# Our pets and our garden



## acrantophis (Apr 14, 2012)




----------



## Katherine (Apr 14, 2012)

Omgoodness that garden is amazing! Beautiful kiddos too!


----------



## JeffG (Apr 14, 2012)

Very nice! I keep dumeril's too. Awesome boas!


----------



## ALDABRAMAN (Apr 15, 2012)

Nice pictures.


----------



## l0velesly (Apr 15, 2012)

Nice sulcata and cactus garden!


----------



## Yvonne G (Apr 15, 2012)

I love your cactus and succulents!

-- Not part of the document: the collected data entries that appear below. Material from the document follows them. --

definition M2_label :: "nat \<Rightarrow> nat \<times> nat \<Rightarrow> ((nat \<Rightarrow> nat) \<Rightarrow>\<^sub>0 nat)" where
  "M2_label q v = tau_exp q (fst v) + tau_exp q (snd v)"

end

theory Submission
  imports Defs "HOL.Modules"
begin

text \<open>In multidegree \<open>b\<close> the homogenized complex is the simplicial chain complex of the
  faces whose label divides \<open>x\<^sup>b\<close>, so it suffices to show that these subcomplexes are
  acyclic. Every facet of \<open>\<bbbM>\<^sub>q\<^sup>2\<close> contains all vertices \<open>l\<^sub>i\<^sub>j\<close> with \<open>i < j\<close>, so if
  one of them survives in degree \<open>b\<close> the subcomplex is a cone over it. Otherwise only
  diagonal vertices \<open>l\<^sub>c\<^sub>c\<close> survive, and at most one of them, because \<open>\<tau>\<^sub>c\<tau>\<^sub>d\<close> divides
  \<open>lcm(\<tau>\<^sub>c\<^sup>2, \<tau>\<^sub>d\<^sup>2)\<close>. Minimality holds because deleting a vertex from a face always
  lowers the label: each vertex label contains some variable \<open>x\<^sub>\<pi>\<close> to a higher power than
  all other labels of the face. Finally, the image of the first differential is generated by
  the vertex labels \<open>\<tau>\<^sub>i\<tau>\<^sub>j\<close>, that is, it is \<open>\<T>\<^sub>q\<^sup>2\<close>.\<close>

section \<open>Exponent vectors and lcm labels\<close>

definition exp_dvd :: "('x \<Rightarrow>\<^sub>0 nat) \<Rightarrow> ('x \<Rightarrow>\<^sub>0 nat) \<Rightarrow> bool" (infix \<open>\<preceq>\<close> 50) where
  "a \<preceq> b \<longleftrightarrow> (\<forall>x. Poly_Mapping.lookup a x \<le> Poly_Mapping.lookup b x)"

You must live in an area where the climate is pretty mild during the winter.


----------



## pam (Apr 15, 2012)

Great pictures


----------



## acrantophis (Apr 15, 2012)

Thanks everybody! I live in San Diego and I have a plant addiction. That was a tiny part of the garden. It's a work in progress :-/
. Does anyone have a problem with their tortoises rubbing along cement walls and causing shell wear? My sulcata walks laps around her enclosure and is slowly wearing a little of her shell. It's very minor now but I can see it becoming a problem in a few years.


----------



## Jacob (Apr 15, 2012)

Awesome, is that a boa?
How big?


----------



## acrantophis (Apr 15, 2012)

It's a Dumeril's boa from Madagascar. It's almost 6'. It's 10 years old. Very few species of boa come from Madagascar. Most come from the America's. This makes them look much different than what you would normally consider a boa.


----------



## Kerryann (Apr 20, 2012)

The animals and garden is really cool


----------



## wellington (Apr 20, 2012)

Nice pics. I don't know a out the scratching on the brick. Can he see to the other side of the brick? If so you may need to block his view. See what others have to say.


----------



## Momof4 (Apr 20, 2012)

Love your garden and tort. What part of SD are you in?


----------



## Niki (Apr 20, 2012)

Beautiful pets and garden!


----------



## lynnedit (Apr 20, 2012)

Fabulous, I like the walkway so you can admire your plants.

Do you have a picture of your Sulcata's enclosure?


----------